PROBLEM: Search the entries for the word "into". Copy each line in which it is found.
[Opening PROVIDED DATA section]
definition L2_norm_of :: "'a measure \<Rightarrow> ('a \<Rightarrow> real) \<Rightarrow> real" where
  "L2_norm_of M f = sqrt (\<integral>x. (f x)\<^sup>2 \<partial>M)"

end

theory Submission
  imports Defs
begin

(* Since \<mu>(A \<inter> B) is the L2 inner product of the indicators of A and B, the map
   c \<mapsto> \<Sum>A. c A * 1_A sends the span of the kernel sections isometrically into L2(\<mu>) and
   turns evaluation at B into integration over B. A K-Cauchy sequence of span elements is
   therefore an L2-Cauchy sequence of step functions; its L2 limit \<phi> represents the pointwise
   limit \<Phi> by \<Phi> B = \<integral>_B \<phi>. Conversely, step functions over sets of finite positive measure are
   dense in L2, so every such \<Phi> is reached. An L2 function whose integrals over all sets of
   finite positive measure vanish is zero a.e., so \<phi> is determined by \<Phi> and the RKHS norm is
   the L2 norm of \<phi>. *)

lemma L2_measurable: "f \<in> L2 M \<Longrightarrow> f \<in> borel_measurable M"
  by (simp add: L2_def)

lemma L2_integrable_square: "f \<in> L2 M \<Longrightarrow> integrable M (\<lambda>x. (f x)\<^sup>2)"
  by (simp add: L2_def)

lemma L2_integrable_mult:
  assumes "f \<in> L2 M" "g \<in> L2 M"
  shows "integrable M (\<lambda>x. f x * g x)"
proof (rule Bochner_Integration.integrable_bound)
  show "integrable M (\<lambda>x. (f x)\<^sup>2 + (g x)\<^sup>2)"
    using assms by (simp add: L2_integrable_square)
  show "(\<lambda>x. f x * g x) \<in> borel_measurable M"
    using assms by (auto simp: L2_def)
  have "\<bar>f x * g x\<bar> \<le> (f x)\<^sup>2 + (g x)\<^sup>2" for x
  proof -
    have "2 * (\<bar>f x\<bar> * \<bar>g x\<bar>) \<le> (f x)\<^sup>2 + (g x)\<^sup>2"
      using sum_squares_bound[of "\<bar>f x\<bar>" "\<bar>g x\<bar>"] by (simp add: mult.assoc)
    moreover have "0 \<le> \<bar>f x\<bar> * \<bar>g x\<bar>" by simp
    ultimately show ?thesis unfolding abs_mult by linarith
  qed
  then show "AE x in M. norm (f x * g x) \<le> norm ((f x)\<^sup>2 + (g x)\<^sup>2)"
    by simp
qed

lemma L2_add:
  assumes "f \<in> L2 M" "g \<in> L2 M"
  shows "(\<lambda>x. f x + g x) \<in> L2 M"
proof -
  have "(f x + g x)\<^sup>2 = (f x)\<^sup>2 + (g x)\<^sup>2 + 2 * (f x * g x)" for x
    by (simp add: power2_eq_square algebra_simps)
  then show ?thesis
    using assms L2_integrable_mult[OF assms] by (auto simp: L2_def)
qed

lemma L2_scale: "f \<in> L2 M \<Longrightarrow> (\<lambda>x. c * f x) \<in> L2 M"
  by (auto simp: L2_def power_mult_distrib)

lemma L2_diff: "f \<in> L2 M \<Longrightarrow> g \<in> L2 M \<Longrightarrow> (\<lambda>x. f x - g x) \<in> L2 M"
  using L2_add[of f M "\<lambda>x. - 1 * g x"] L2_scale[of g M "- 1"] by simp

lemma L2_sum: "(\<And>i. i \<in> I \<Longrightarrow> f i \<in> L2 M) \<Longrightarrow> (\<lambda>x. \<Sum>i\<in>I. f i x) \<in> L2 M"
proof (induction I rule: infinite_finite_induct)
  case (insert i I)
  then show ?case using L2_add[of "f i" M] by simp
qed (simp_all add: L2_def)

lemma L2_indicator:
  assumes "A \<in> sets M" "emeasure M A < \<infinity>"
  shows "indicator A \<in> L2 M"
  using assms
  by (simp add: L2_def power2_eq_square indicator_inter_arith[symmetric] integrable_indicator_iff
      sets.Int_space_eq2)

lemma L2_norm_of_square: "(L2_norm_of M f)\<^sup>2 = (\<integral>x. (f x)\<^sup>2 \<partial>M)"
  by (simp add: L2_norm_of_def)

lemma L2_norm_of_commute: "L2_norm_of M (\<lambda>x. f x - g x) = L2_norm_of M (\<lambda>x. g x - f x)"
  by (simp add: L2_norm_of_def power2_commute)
[Closing PROVIDED DATA section]
OUTPUT OF THE TASK:
   c \<mapsto> \<Sum>A. c A * 1_A sends the span of the kernel sections isometrically into L2(\<mu>) and
   turns evaluation at B into integration over B. A K-Cauchy sequence of span elements is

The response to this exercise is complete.